== Extracted data

(* Fix an integer $r\ge2$, $\varepsilon>0$, $\gamma=(\gamma_1,\dots,\gamma_r)$ with $\gamma_i\in(0,1)$, $\sum_i\gamma_i=1$, and $i^\star=\arg\max_i\gamma_i$; let $\tilde\varepsilon=\varepsilon\min_i\gamma_i$ and $\Psi=\left(\frac{\gamma_{i^\star}\log d}{d\,r^{r-1}(r-1)\prod_{i=1}^r\gamma_i}\right)^{1/(r-1)}$. Let $K\in\mathbb{N}$ be sufficiently large in terms of $r,\varepsilon,\gamma$, and let $a>0$ be a constant. Consider an interpolation path $A^{(0)},\dots,A^{(T)}$ for $\mathcal{H}(r,n,p)$, $p=d/n^{r-1}$, of length $T\le n^a$. If $d=d(\varepsilon,r,\gamma,K)$ is sufficiently large, then with probability $1-\exp(-\Omega(n))$ there is no sequence of subsets $S_1,\dots,S_K$ of the vertex set satisfying: (B1) for each $k\in[K]$ there exists $t_k\in\{0,\dots,T\}$ such that $S_k$ is an independent set in $A^{(t_k)}$; (B2) for each $k\in[K]$ and $i\in[r]$, $|S_k\cap V_i|\ge(1+\varepsilon)\gamma_i r n\Psi$; (B3) for $2\le k\le K$, $\big|S_k\setminus\bigcup_{j<k}S_j\big|\in\left[\frac{\tilde\varepsilon}{4}n\Psi,\ \frac{\tilde\varepsilon}{2}n\Psi\right]$.
   Context: $\mathcal{H}(r,n,p)$: random $r$-uniform $r$-partite hypergraph with vertex set $[n]\times[r]$, parts $V_i=[n]\times\{i\}$, each $e\in V_1\times\cdots\times V_r$ an edge independently with probability $p$, encoded by $A\in\{0,1\}^m$, $m=n^r$, coordinates indexed by $[m]$ in a fixed order. Interpolation path of length $T$: $A^{(0)}\sim\mathcal{H}(r,n,p)$; for $1\le t\le T$, $A^{(t)}$ is obtained from $A^{(t-1)}$ by resampling coordinate $\sigma(t)\in[m]$, $\sigma(t)\equiv t\pmod m$, independently from $\mathrm{Ber}(p)$. An independent set in $A^{(t)}$ is a vertex set containing no edge of the hypergraph encoded by $A^{(t)}$. *)

theory Defs
  imports "HOL-Probability.Probability"
begin
text \<open>
  Write \<open>u\<^sub>n\<close> for the approximating sequence. Since \<open>u\<^sub>n \<ll> k\<close>, every inequality
  \<open>k \<le> \<Squnion>\<^sub>i f i\<close> provides an index \<open>i\<close> with \<open>u\<^sub>n \<le> f i\<close>; since \<open>k\<close> is the top element,
  \<open>u\<^sub>n \<le> s \<otimes> t\<close> forces \<open>u\<^sub>n \<le> s\<close> and \<open>u\<^sub>n \<le> t\<close>. Hence in the adjunction \<open>\<phi> \<dashv> \<psi>\<close> there
  is some \<open>y\<close> with \<open>u\<^sub>n \<otimes> u\<^sub>n \<le> \<phi>(y) \<otimes> \<phi>(y)\<close>, and
  \<open>u\<^sub>n \<otimes> u\<^sub>n \<otimes> \<psi>(x) \<le> \<phi>(y) \<otimes> a(x,y) \<le> \<phi>(x)\<close> by symmetry; as the \<open>u\<^sub>n \<otimes> u\<^sub>n\<close> still
  have supremum \<open>k\<close>, this gives \<open>\<psi> \<le> \<phi>\<close>, and the reverse inequality is the same argument
  applied to the adjunction \<open>\<psi> \<dashv> \<phi>\<close>, which symmetry provides. The closure is treated in the
  same way, using two approximating points of \<open>M\<close>. For the Cauchy completion,
  \<open>[\<psi>,\<psi>'] = \<Squnion>\<^sub>y \<phi>(y) \<otimes> \<psi>'(y)\<close>, which is symmetric once \<open>\<phi> = \<psi>\<close>.
\<close>

locale unital_quantale =
  fixes T :: "'v::complete_lattice \<Rightarrow> 'v \<Rightarrow> 'v" and k :: 'v
  assumes quantale: "quantale T k"
begin

lemma tensor_assoc: "T (T u v) w = T u (T v w)"
  using quantale unfolding quantale_def by blast

lemma tensor_commute: "T u v = T v u"
  using quantale unfolding quantale_def by blast

lemma tensor_left_commute: "T u (T v w) = T v (T u w)"
  by (metis tensor_assoc tensor_commute)

lemmas tensor_ac = tensor_assoc tensor_commute tensor_left_commute

lemma tensor_unit_left: "T k u = u"
  using quantale unfolding quantale_def by blast

lemma tensor_unit_right: "T u k = u"
  by (metis tensor_unit_left tensor_commute)

lemma tensor_Sup_right: "T u (Sup S) = Sup (T u ` S)"
  using quantale unfolding quantale_def by blast

lemma tensor_SUP_right: "T u (SUP i\<in>I. f i) = (SUP i\<in>I. T u (f i))"
  by (simp add: tensor_Sup_right image_image)

lemma tensor_SUP_left: "T (SUP i\<in>I. f i) u = (SUP i\<in>I. T (f i) u)"
  by (simp add: tensor_commute[of _ u] tensor_SUP_right)

lemma tensor_mono_right:
  assumes "v \<le> w"
  shows "T u v \<le> T u w"
proof -
  have "T u w = sup (T u v) (T u w)"
    using tensor_Sup_right[of u "{v, w}"] assms by (simp add: sup.absorb2)
  then show ?thesis
    by (metis sup.cobounded1)
qed

lemma tensor_mono: "u \<le> u' \<Longrightarrow> v \<le> v' \<Longrightarrow> T u v \<le> T u' v'"
  by (metis tensor_mono_right tensor_commute order_trans)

====

Exercise goal> Give the entries again in full, exactly as they were written above.

Solution for this problem>
(* Fix an integer $r\ge2$, $\varepsilon>0$, $\gamma=(\gamma_1,\dots,\gamma_r)$ with $\gamma_i\in(0,1)$, $\sum_i\gamma_i=1$, and $i^\star=\arg\max_i\gamma_i$; let $\tilde\varepsilon=\varepsilon\min_i\gamma_i$ and $\Psi=\left(\frac{\gamma_{i^\star}\log d}{d\,r^{r-1}(r-1)\prod_{i=1}^r\gamma_i}\right)^{1/(r-1)}$. Let $K\in\mathbb{N}$ be sufficiently large in terms of $r,\varepsilon,\gamma$, and let $a>0$ be a constant. Consider an interpolation path $A^{(0)},\dots,A^{(T)}$ for $\mathcal{H}(r,n,p)$, $p=d/n^{r-1}$, of length $T\le n^a$. If $d=d(\varepsilon,r,\gamma,K)$ is sufficiently large, then with probability $1-\exp(-\Omega(n))$ there is no sequence of subsets $S_1,\dots,S_K$ of the vertex set satisfying: (B1) for each $k\in[K]$ there exists $t_k\in\{0,\dots,T\}$ such that $S_k$ is an independent set in $A^{(t_k)}$; (B2) for each $k\in[K]$ and $i\in[r]$, $|S_k\cap V_i|\ge(1+\varepsilon)\gamma_i r n\Psi$; (B3) for $2\le k\le K$, $\big|S_k\setminus\bigcup_{j<k}S_j\big|\in\left[\frac{\tilde\varepsilon}{4}n\Psi,\ \frac{\tilde\varepsilon}{2}n\Psi\right]$.
   Context: $\mathcal{H}(r,n,p)$: random $r$-uniform $r$-partite hypergraph with vertex set $[n]\times[r]$, parts $V_i=[n]\times\{i\}$, each $e\in V_1\times\cdots\times V_r$ an edge independently with probability $p$, encoded by $A\in\{0,1\}^m$, $m=n^r$, coordinates indexed by $[m]$ in a fixed order. Interpolation path of length $T$: $A^{(0)}\sim\mathcal{H}(r,n,p)$; for $1\le t\le T$, $A^{(t)}$ is obtained from $A^{(t-1)}$ by resampling coordinate $\sigma(t)\in[m]$, $\sigma(t)\equiv t\pmod m$, independently from $\mathrm{Ber}(p)$. An independent set in $A^{(t)}$ is a vertex set containing no edge of the hypergraph encoded by $A^{(t)}$. *)

theory Defs
  imports "HOL-Probability.Probability"
begin
text \<open>
  Write \<open>u\<^sub>n\<close> for the approximating sequence. Since \<open>u\<^sub>n \<ll> k\<close>, every inequality
  \<open>k \<le> \<Squnion>\<^sub>i f i\<close> provides an index \<open>i\<close> with \<open>u\<^sub>n \<le> f i\<close>; since \<open>k\<close> is the top element,
  \<open>u\<^sub>n \<le> s \<otimes> t\<close> forces \<open>u\<^sub>n \<le> s\<close> and \<open>u\<^sub>n \<le> t\<close>. Hence in the adjunction \<open>\<phi> \<dashv> \<psi>\<close> there
  is some \<open>y\<close> with \<open>u\<^sub>n \<otimes> u\<^sub>n \<le> \<phi>(y) \<otimes> \<phi>(y)\<close>, and
  \<open>u\<^sub>n \<otimes> u\<^sub>n \<otimes> \<psi>(x) \<le> \<phi>(y) \<otimes> a(x,y) \<le> \<phi>(x)\<close> by symmetry; as the \<open>u\<^sub>n \<otimes> u\<^sub>n\<close> still
  have supremum \<open>k\<close>, this gives \<open>\<psi> \<le> \<phi>\<close>, and the reverse inequality is the same argument
  applied to the adjunction \<open>\<psi> \<dashv> \<phi>\<close>, which symmetry provides. The closure is treated in the
  same way, using two approximating points of \<open>M\<close>. For the Cauchy completion,
  \<open>[\<psi>,\<psi>'] = \<Squnion>\<^sub>y \<phi>(y) \<otimes> \<psi>'(y)\<close>, which is symmetric once \<open>\<phi> = \<psi>\<close>.
\<close>

locale unital_quantale =
  fixes T :: "'v::complete_lattice \<Rightarrow> 'v \<Rightarrow> 'v" and k :: 'v
  assumes quantale: "quantale T k"
begin

lemma tensor_assoc: "T (T u v) w = T u (T v w)"
  using quantale unfolding quantale_def by blast

lemma tensor_commute: "T u v = T v u"
  using quantale unfolding quantale_def by blast

lemma tensor_left_commute: "T u (T v w) = T v (T u w)"
  by (metis tensor_assoc tensor_commute)

lemmas tensor_ac = tensor_assoc tensor_commute tensor_left_commute

lemma tensor_unit_left: "T k u = u"
  using quantale unfolding quantale_def by blast

lemma tensor_unit_right: "T u k = u"
  by (metis tensor_unit_left tensor_commute)

lemma tensor_Sup_right: "T u (Sup S) = Sup (T u ` S)"
  using quantale unfolding quantale_def by blast

lemma tensor_SUP_right: "T u (SUP i\<in>I. f i) = (SUP i\<in>I. T u (f i))"
  by (simp add: tensor_Sup_right image_image)

lemma tensor_SUP_left: "T (SUP i\<in>I. f i) u = (SUP i\<in>I. T (f i) u)"
  by (simp add: tensor_commute[of _ u] tensor_SUP_right)

lemma tensor_mono_right:
  assumes "v \<le> w"
  shows "T u v \<le> T u w"
proof -
  have "T u w = sup (T u v) (T u w)"
    using tensor_Sup_right[of u "{v, w}"] assms by (simp add: sup.absorb2)
  then show ?thesis
    by (metis sup.cobounded1)
qed

lemma tensor_mono: "u \<le> u' \<Longrightarrow> v \<le> v' \<Longrightarrow> T u v \<le> T u' v'"
  by (metis tensor_mono_right tensor_commute order_trans)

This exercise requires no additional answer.